Again, in early years, it is hard to draw conclusions because some topics don’t even reach ~100 submissions. We can see some patterns in 2025 however. We see areas, such as ‘Robotics’ and ‘LLMs’, have the highest acceptance rate above the global rate. We also see areas, such as ’transfer learning’ and ’time series’, have a very low excess acceptance rate. In fact, conclusions are hard to draw from this as it matters how many submissions there were, and if it was the hot topic that year.

Paper Ratings
#

Beyond acceptance outcomes, a parallel discussion around top AI conferences concerns the ratings themselves. A recurring claim, often raised informally in online discussions, is that as conferences scale and rely increasingly on reciprocal reviewing, the distribution of review scores may shift downward (or become more compressed), potentially reflecting heavier reviewer load or altered norms around what constitutes an “accept-level” score.

If we look at this in ICLR’s case, which introduced reciprocal reviewing in 2025, we can’t observe a dip at all compared to previous years. But, maybe our hypothesis is still correct, and we need to see if some areas are more favoured than others?

Average paper rating per year grouped by primary area.

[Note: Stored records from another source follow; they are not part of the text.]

lemma (in prob_space) indep_var_nn_integral:
  assumes ind: "indep_var S Y T Z" and [measurable]: "h \<in> borel_measurable (S \<Otimes>\<^sub>M T)"
  shows "(\<integral>\<^sup>+\<omega>. h (Y \<omega>, Z \<omega>) \<partial>M) = (\<integral>\<^sup>+\<omega>. \<integral>\<^sup>+\<omega>'. h (Y \<omega>, Z \<omega>') \<partial>M \<partial>M)"
proof -
  have [measurable]: "Y \<in> M \<rightarrow>\<^sub>M S" "Z \<in> M \<rightarrow>\<^sub>M T"
    using indep_var_rv1[OF ind] indep_var_rv2[OF ind] by auto
  interpret PZ: prob_space "distr M T Z"
    by (rule prob_space_distr) simp
  interpret pair_sigma_finite "distr M S Y" "distr M T Z"
    by (intro pair_sigma_finite.intro prob_space_imp_sigma_finite prob_space_distr) simp_all
  have [measurable_cong]: "sets (distr M S Y \<Otimes>\<^sub>M distr M T Z) = sets (S \<Otimes>\<^sub>M T)"
    by (intro sets_pair_measure_cong) simp_all
  have "(\<integral>\<^sup>+\<omega>. h (Y \<omega>, Z \<omega>) \<partial>M) = (\<integral>\<^sup>+y. h y \<partial>distr M (S \<Otimes>\<^sub>M T) (\<lambda>\<omega>. (Y \<omega>, Z \<omega>)))"
    by (rule nn_integral_distr[symmetric]) simp_all
  also have "\<dots> = (\<integral>\<^sup>+y. h y \<partial>(distr M S Y \<Otimes>\<^sub>M distr M T Z))"
    using ind by (simp add: indep_var_distribution_eq)
  also have "\<dots> = (\<integral>\<^sup>+y1. \<integral>\<^sup>+y2. h (y1, y2) \<partial>distr M T Z \<partial>distr M S Y)"
    by (rule PZ.nn_integral_fst[symmetric]) simp
  also have "\<dots> = (\<integral>\<^sup>+y1. \<integral>\<^sup>+\<omega>'. h (y1, Z \<omega>') \<partial>M \<partial>distr M S Y)"
    by (intro nn_integral_cong nn_integral_distr) (auto intro: measurable_Pair2)
  also have "\<dots> = (\<integral>\<^sup>+\<omega>. \<integral>\<^sup>+\<omega>'. h (Y \<omega>, Z \<omega>') \<partial>M \<partial>M)"
    by (rule nn_integral_distr) simp_all
  finally show ?thesis .
qed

Well with this we can see similar trends to the acceptance rate plots we showed earlier. In 2025, fields like ‘LLMs’ and ‘Robotics’, were favoured more on average whilst fields like ’time series’ and ’transfer learning’, were favoured less than most other areas.

Parametric and Non-Parametric Analyses
#

The previous analyses doesn’t allow us to see if a paper actually deserved to be accepted, or if a field actually has an acceptance bias applied to it. So, we can try and investigate these via models. Specifically, if I fit a simple logistic regression model at the paper level. The dependent variable is a binary indicator of acceptance (Accept vs Reject). The key covariates are the paper’s mean review rating, a categorical indicator for research area, and a categorical indicator for year. In this specification, the area coefficients can be interpreted as score-conditioned shifts in the odds of acceptance relative to a baseline area: a positive coefficient indicates higher acceptance odds at the same score and year, while a negative coefficient indicates lower odds. This can tell us if areas have some bias, as two papers in the same year, with identical scores, should have ‘similar’ acceptance chances regardless of the field.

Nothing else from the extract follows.